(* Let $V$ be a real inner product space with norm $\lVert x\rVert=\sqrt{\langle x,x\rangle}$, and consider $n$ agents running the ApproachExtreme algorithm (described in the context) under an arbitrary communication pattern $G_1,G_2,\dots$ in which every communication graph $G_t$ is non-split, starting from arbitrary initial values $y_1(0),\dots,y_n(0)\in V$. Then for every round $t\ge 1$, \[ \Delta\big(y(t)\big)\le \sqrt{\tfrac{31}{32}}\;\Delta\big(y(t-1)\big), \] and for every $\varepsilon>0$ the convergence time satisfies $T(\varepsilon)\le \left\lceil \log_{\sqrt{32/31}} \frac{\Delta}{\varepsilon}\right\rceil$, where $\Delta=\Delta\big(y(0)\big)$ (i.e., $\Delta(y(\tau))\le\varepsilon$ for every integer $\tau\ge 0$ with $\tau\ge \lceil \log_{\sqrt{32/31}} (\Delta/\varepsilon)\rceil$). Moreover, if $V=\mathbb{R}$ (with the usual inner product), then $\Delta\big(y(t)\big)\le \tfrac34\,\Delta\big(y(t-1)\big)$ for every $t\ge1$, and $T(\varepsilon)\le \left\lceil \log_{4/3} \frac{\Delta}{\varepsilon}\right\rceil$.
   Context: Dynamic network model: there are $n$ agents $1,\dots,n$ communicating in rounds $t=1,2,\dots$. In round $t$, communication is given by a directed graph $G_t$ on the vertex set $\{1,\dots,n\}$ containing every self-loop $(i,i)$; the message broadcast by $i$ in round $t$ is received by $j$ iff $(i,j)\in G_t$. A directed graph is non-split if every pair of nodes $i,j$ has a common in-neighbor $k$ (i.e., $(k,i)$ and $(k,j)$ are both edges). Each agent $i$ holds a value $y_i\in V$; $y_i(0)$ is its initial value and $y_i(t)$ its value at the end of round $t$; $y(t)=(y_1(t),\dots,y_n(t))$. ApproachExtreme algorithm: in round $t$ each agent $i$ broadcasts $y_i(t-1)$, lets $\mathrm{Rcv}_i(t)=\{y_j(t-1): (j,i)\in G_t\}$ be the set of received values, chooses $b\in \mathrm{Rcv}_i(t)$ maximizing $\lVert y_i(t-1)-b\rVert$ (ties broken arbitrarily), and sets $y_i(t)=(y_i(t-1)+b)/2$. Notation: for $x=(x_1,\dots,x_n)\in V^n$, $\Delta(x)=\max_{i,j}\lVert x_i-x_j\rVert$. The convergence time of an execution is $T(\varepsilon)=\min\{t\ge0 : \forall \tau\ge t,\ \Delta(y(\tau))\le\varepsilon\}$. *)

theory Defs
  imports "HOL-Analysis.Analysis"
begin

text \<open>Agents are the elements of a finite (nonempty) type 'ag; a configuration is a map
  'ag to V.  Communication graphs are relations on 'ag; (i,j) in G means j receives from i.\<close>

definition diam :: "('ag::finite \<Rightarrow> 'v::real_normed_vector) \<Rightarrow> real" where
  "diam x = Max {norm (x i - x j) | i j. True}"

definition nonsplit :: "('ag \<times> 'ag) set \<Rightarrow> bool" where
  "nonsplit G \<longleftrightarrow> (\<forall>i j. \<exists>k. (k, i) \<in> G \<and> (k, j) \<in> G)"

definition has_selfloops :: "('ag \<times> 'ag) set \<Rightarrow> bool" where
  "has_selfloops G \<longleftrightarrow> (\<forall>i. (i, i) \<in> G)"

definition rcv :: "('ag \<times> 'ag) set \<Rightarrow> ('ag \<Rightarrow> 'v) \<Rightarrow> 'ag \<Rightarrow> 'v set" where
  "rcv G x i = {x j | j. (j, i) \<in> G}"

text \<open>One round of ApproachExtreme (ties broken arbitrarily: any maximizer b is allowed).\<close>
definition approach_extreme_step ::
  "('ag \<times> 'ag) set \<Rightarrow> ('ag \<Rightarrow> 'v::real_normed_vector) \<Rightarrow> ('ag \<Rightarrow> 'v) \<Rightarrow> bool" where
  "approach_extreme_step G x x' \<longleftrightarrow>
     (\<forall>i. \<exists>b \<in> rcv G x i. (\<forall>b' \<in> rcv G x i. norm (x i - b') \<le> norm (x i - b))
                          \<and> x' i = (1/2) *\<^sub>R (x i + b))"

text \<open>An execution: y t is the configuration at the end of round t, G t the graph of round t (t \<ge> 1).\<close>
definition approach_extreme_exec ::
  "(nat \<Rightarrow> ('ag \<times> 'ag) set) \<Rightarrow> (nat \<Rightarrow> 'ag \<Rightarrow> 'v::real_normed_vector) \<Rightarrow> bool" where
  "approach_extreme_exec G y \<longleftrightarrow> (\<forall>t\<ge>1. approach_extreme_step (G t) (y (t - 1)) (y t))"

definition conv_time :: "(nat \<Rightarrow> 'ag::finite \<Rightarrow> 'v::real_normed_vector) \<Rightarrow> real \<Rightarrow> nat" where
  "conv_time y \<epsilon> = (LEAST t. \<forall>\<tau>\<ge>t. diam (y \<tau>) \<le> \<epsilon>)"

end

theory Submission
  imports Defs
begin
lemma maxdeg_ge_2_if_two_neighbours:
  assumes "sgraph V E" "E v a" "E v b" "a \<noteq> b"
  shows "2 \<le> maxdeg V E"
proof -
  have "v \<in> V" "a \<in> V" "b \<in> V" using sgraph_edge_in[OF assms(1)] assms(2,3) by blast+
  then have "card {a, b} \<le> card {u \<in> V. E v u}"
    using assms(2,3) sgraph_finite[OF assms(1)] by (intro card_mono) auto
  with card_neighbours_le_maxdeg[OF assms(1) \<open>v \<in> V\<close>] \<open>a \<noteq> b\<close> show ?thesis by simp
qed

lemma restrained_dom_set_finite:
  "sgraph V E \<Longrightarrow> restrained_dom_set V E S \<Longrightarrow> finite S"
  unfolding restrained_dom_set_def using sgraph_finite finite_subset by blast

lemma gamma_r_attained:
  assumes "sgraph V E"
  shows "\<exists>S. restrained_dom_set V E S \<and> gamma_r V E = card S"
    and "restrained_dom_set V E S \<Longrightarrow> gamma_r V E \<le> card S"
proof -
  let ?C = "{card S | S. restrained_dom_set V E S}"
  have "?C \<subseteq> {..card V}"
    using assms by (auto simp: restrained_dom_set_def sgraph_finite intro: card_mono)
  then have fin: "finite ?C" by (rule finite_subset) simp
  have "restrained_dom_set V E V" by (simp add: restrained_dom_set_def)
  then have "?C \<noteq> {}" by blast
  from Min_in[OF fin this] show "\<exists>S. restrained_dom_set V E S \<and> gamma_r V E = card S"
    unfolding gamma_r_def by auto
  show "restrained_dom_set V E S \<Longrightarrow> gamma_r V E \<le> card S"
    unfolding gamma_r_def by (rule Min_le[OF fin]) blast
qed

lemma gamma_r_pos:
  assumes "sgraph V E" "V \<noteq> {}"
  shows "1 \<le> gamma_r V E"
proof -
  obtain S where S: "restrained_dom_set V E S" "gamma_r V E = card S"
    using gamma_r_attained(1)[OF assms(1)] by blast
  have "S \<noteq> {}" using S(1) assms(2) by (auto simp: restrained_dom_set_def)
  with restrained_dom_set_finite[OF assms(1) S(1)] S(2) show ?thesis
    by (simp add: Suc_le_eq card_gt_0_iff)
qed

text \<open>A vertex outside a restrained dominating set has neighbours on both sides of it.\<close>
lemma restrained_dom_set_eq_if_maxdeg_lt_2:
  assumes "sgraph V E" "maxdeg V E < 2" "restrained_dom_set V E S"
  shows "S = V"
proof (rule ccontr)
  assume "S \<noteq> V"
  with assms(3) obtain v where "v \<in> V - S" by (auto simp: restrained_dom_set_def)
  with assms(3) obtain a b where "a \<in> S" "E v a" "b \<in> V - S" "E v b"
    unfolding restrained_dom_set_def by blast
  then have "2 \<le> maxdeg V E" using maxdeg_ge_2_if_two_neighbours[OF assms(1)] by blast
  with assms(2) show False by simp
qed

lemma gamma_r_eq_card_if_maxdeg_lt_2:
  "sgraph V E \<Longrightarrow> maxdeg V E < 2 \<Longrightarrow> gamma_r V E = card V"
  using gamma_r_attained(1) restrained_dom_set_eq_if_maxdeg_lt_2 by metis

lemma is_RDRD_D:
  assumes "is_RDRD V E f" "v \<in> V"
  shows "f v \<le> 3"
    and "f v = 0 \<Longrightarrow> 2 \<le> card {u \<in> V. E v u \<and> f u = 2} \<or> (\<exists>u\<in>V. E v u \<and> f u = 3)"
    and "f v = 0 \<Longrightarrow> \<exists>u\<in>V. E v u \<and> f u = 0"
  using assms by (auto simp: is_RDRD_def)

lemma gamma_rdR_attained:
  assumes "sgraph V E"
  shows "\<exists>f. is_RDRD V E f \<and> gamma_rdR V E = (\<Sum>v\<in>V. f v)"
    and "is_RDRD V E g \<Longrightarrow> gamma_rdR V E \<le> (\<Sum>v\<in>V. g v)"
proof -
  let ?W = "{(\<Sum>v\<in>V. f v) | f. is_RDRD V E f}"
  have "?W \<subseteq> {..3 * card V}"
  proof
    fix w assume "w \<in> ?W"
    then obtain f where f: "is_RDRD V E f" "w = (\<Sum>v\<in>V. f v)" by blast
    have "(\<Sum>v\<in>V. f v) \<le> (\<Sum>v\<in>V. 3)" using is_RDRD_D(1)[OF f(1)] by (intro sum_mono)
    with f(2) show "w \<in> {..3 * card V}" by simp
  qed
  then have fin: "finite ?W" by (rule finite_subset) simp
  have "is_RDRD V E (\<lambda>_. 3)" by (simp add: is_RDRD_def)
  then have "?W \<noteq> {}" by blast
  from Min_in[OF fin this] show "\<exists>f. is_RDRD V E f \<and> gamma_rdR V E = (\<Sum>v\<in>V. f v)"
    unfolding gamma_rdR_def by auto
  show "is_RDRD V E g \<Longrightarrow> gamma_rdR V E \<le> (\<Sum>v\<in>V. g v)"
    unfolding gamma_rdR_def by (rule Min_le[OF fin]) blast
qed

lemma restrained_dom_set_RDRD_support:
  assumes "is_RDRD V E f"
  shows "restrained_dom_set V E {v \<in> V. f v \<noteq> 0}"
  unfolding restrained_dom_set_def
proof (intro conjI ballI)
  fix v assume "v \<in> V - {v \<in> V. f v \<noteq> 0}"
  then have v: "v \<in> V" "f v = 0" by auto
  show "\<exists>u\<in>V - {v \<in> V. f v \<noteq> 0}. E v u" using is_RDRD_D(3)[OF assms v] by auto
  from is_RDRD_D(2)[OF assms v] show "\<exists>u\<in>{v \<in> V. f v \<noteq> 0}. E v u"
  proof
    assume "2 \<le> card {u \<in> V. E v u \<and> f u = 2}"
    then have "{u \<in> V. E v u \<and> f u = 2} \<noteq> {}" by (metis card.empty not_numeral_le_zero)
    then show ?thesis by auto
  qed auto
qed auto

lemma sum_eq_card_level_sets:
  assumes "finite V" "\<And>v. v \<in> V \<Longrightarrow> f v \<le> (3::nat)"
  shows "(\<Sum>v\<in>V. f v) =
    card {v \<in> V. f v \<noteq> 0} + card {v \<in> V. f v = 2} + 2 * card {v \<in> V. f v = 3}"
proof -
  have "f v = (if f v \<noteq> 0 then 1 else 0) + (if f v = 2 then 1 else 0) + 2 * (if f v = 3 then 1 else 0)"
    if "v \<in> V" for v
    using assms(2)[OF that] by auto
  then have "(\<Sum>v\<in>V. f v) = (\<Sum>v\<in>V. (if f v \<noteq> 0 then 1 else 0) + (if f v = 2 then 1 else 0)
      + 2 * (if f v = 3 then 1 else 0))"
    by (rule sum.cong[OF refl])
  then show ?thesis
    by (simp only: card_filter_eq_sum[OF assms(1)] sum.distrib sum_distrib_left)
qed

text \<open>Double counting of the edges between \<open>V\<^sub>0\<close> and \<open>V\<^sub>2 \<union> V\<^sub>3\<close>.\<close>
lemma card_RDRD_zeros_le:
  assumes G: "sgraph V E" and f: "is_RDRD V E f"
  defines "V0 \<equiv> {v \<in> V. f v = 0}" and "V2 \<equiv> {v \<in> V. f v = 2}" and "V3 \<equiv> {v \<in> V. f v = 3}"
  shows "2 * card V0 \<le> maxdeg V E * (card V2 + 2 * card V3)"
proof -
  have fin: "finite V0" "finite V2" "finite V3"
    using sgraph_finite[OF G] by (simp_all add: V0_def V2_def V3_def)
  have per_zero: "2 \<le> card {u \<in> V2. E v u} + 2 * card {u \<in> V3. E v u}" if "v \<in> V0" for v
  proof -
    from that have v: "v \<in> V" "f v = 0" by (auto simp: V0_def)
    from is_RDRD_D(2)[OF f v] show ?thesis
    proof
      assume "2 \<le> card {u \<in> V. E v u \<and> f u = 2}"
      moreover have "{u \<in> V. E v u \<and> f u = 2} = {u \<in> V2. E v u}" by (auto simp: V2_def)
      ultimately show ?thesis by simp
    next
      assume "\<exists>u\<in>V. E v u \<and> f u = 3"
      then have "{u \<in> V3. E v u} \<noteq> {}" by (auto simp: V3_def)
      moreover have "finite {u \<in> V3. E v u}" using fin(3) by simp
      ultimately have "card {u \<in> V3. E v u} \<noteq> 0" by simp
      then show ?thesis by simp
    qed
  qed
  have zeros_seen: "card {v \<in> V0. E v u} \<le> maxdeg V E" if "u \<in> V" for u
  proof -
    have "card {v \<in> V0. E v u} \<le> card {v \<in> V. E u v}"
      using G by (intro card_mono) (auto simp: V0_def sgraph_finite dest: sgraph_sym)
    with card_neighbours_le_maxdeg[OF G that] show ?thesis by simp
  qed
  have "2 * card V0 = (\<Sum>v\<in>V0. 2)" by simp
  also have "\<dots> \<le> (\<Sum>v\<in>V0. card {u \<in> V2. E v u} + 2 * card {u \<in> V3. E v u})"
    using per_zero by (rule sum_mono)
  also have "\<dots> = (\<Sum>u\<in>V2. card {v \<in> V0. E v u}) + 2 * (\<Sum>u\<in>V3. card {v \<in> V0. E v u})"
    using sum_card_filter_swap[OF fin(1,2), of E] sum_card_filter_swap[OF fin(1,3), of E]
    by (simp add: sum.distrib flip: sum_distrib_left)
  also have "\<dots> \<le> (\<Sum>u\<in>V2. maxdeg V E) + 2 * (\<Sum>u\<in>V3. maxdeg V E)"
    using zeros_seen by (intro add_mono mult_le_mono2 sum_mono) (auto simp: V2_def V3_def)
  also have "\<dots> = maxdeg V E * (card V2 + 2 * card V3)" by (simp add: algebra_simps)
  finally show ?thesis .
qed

_Required work_: Where the line holding "using per_zero by (rule sum_mono)" appears in the listing above, start reproducing exactly, and end with the line holding "by (simp add: sum.distrib".

_Response_:
    using per_zero by (rule sum_mono)
  also have "\<dots> = (\<Sum>u\<in>V2. card {v \<in> V0. E v u}) + 2 * (\<Sum>u\<in>V3. card {v \<in> V0. E v u})"
    using sum_card_filter_swap[OF fin(1,2), of E] sum_card_filter_swap[OF fin(1,3), of E]
    by (simp add: sum.distrib flip: sum_distrib_left)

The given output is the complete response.